In the "mordern treatment" section, it is written "Note that we can drop "local contractibility" as part of the hypothesis, if we use Čech cohomology, which is designed to deal with local pathologies."

My question is what homology theory do you use in this case- would it be strong homology?

143.210.42.231 (talk) 14:40, 3 October 2011 (UTC)[reply]

Erroneous statement[edit]

One sentence reads as follows, supposedly as an example of Alexander-Whitehead duality:

"For example the Clifford torus construction in the 3-sphere shows that the complement of a solid torus is another solid torus; which will be open if the other is closed, but this doesn't affect its homology."

This construction shows no such thing, because the claim that "the complement of a solid torus [in the 3-sphere is another solid torus" is false! (For example, consider the complement of a knotted torus.)
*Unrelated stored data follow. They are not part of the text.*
lemma md_summand:
  assumes C: "C \<subseteq> A'"
  shows "md d add (A \<union> C) (trunc_map N f (A \<union> C) a)
           (trunc_pt (A \<union> C) (vtx N A a x)) (trunc_pt (A \<union> C) (vtx N A x y))
         = d (alt_sum (psum True) (psum False) C) (alt_sum (psum False) (psum True) C)"
proof -
  have vertex_sum: "sgsum add (\<lambda>T'. trunc_map N f (A \<union> C) a
           (vtx (A \<union> C) T' (trunc_pt (A \<union> C) (vtx N A a x)) (trunc_pt (A \<union> C) (vtx N A x y))))
           {T'. T' \<subseteq> A \<union> C \<and> even (card T') = q}
         = alt_sum (psum q) (psum (\<not> q)) C" for q
  proof -
    have "sgsum add (\<lambda>T'. trunc_map N f (A \<union> C) a
           (vtx (A \<union> C) T' (trunc_pt (A \<union> C) (vtx N A a x)) (trunc_pt (A \<union> C) (vtx N A x y))))
           {T'. T' \<subseteq> A \<union> C \<and> even (card T') = q}
          = sgsum add (\<lambda>T'. hybrid (T' \<inter> A) (T' - A)) {T'. T' \<subseteq> A \<union> C \<and> even (card T') = q}"
      by (rule sgsum_cong) (simp add: vertex_hybrid[OF C])
    also have "\<dots> = sgsum add (\<lambda>U. psum (even (card U) = q) U) (Pow C)"
      by (rule vertex_sum_regroup[OF C])
    also have "\<dots> = alt_sum (psum q) (psum (\<not> q)) C"
      unfolding alt_sum_def by (rule sgsum_cong) auto
    finally show ?thesis .
  qed
  show ?thesis
    unfolding md_def using vertex_sum[of True] vertex_sum[of False] by simp
qed

lemma sum_supersets:
  "(\<Sum>B\<in>{B. A \<subseteq> B \<and> B \<subseteq> N}. g B) = (\<Sum>C\<in>Pow A'. g (A \<union> C))"
proof (rule sum.reindex_cong[where l="\<lambda>C. A \<union> C"])
  show "inj_on (\<lambda>C. A \<union> C) (Pow A')"
    by (rule inj_onI) (auto simp: A'_def)
  show "{B. A \<subseteq> B \<and> B \<subseteq> N} = (\<lambda>C. A \<union> C) ` Pow A'"
  proof (intro equalityI subsetI)
    fix B assume "B \<in> {B. A \<subseteq> B \<and> B \<subseteq> N}"
    then have "B = A \<union> (B - A)" "B - A \<in> Pow A'" by (auto simp: A'_def)
    then show "B \<in> (\<lambda>C. A \<union> C) ` Pow A'" by blast
  qed (use A_sub in \<open>auto simp: A'_def\<close>)
qed simp

theorem md_truncation_bound:
  "md d add A (trunc_map N f A x) (trunc_pt A x) (trunc_pt A y)
   \<le> (\<Sum>B\<in>{B. A \<subseteq> B \<and> B \<subseteq> N}.
        md d add B (trunc_map N f B a) (trunc_pt B (vtx N A a x)) (trunc_pt B (vtx N A x y)))"
proof -
  have "md d add A (trunc_map N f A x) (trunc_pt A x) (trunc_pt A y) = d (psum True A') (psum False A')"
    by (rule md_lhs)
  also have "\<dots> \<le> (\<Sum>C\<in>Pow A'. d (alt_sum (psum True) (psum False) C) (alt_sum (psum False) (psum True) C))"
    by (rule telescope[OF finite_A'])
  also have "\<dots> = (\<Sum>C\<in>Pow A'. md d add (A \<union> C) (trunc_map N f (A \<union> C) a)
                     (trunc_pt (A \<union> C) (vtx N A a x)) (trunc_pt (A \<union> C) (vtx N A x y)))"
    by (intro sum.cong refl md_summand[symmetric]) auto
  also have "\<dots> = (\<Sum>B\<in>{B. A \<subseteq> B \<and> B \<subseteq> N}.
                   md d add B (trunc_map N f B a) (trunc_pt B (vtx N A a x)) (trunc_pt B (vtx N A x y)))"
    by (rule sum_supersets[symmetric])
  finally show ?thesis .
qed

end

theorem lemma2:
  fixes n :: nat and a b x y :: "nat \<Rightarrow> real"
    and d :: "'m \<Rightarrow> 'm \<Rightarrow> real" and add :: "'m \<Rightarrow> 'm \<Rightarrow> 'm"
    and f :: "(nat \<Rightarrow> real) \<Rightarrow> 'm" and A :: "nat set"
  assumes "metric_semigroup d add"
    and "\<forall>i<n. a i < b i"
    and "A \<subseteq> {..<n}" and "A \<noteq> {}"
    and "x \<in> rect {..<n} a b" and "y \<in> rect {..<n} a b"
    and "\<forall>i<n. x i \<le> y i"
  shows "md d add A (trunc_map {..<n} f A x) (trunc_pt A x) (trunc_pt A y)
    \<le> (\<Sum>B\<in>{B. A \<subseteq> B \<and> B \<subseteq> {..<n}}.
         md d add B (trunc_map {..<n} f B a)
           (trunc_pt B (vtx {..<n} A a x)) (trunc_pt B (vtx {..<n} A x y)))"
proof -
  interpret truncation_setting d add "{..<n}" A a x y f
    by unfold_locales (use assms(1,3,4) in auto)
  show ?thesis by (rule md_truncation_bound)
qed

end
Rather. what the duality theorem shows is that the complement of a solid torus in the 3-sphere has the same reduced homology as the solid torus itself. This should be fixed, since it's a reasonable example of the application of the theorem.

Also, together with the Hurewicz theorem, this shows that if T is a (closed) solid torus embedded in S³ in any manner, and Y denotes S³ - T, then the fundamental group G of Y made abelian — i.e., factored out by its commutator subgroup [G, G] — must be isomorphic to the integers Z.

For, by the Hurewicz theorem, G / [G, G] = H₁(Y) = H₁(S³ - T). And by Alexander duality, H₁(S³ - T) is isomorphic to H_(3-1-1)(T) = H₁(T), which is known to equal Z.Daqu (talk) 05:09, 8 February 2013 (UTC)[reply]

Poorly thought out[edit]

The section "Alexander's 1915 result" is very poorly written.

All the stuff about flipping the Betti numbers and shifting them "not working out" is incomprehensible to most readers because it gives no reason to do what is done to the Betti numbers, and completely fails to state just what it is that "doesn't work out".

This should be written instead by someone who is able to understand the reader's point of view.50.205.142.35 (talk) 04:40, 23 December 2019 (UTC)[reply]

I agree. All those rows and rows of Betti numbers and permutations thereof is neither encyclopedic, nor illuminating. Too cute by half. I think that whole section needs to be trimmed down. Turgidson (talk) 12:17, 23 December 2019 (UTC)[reply]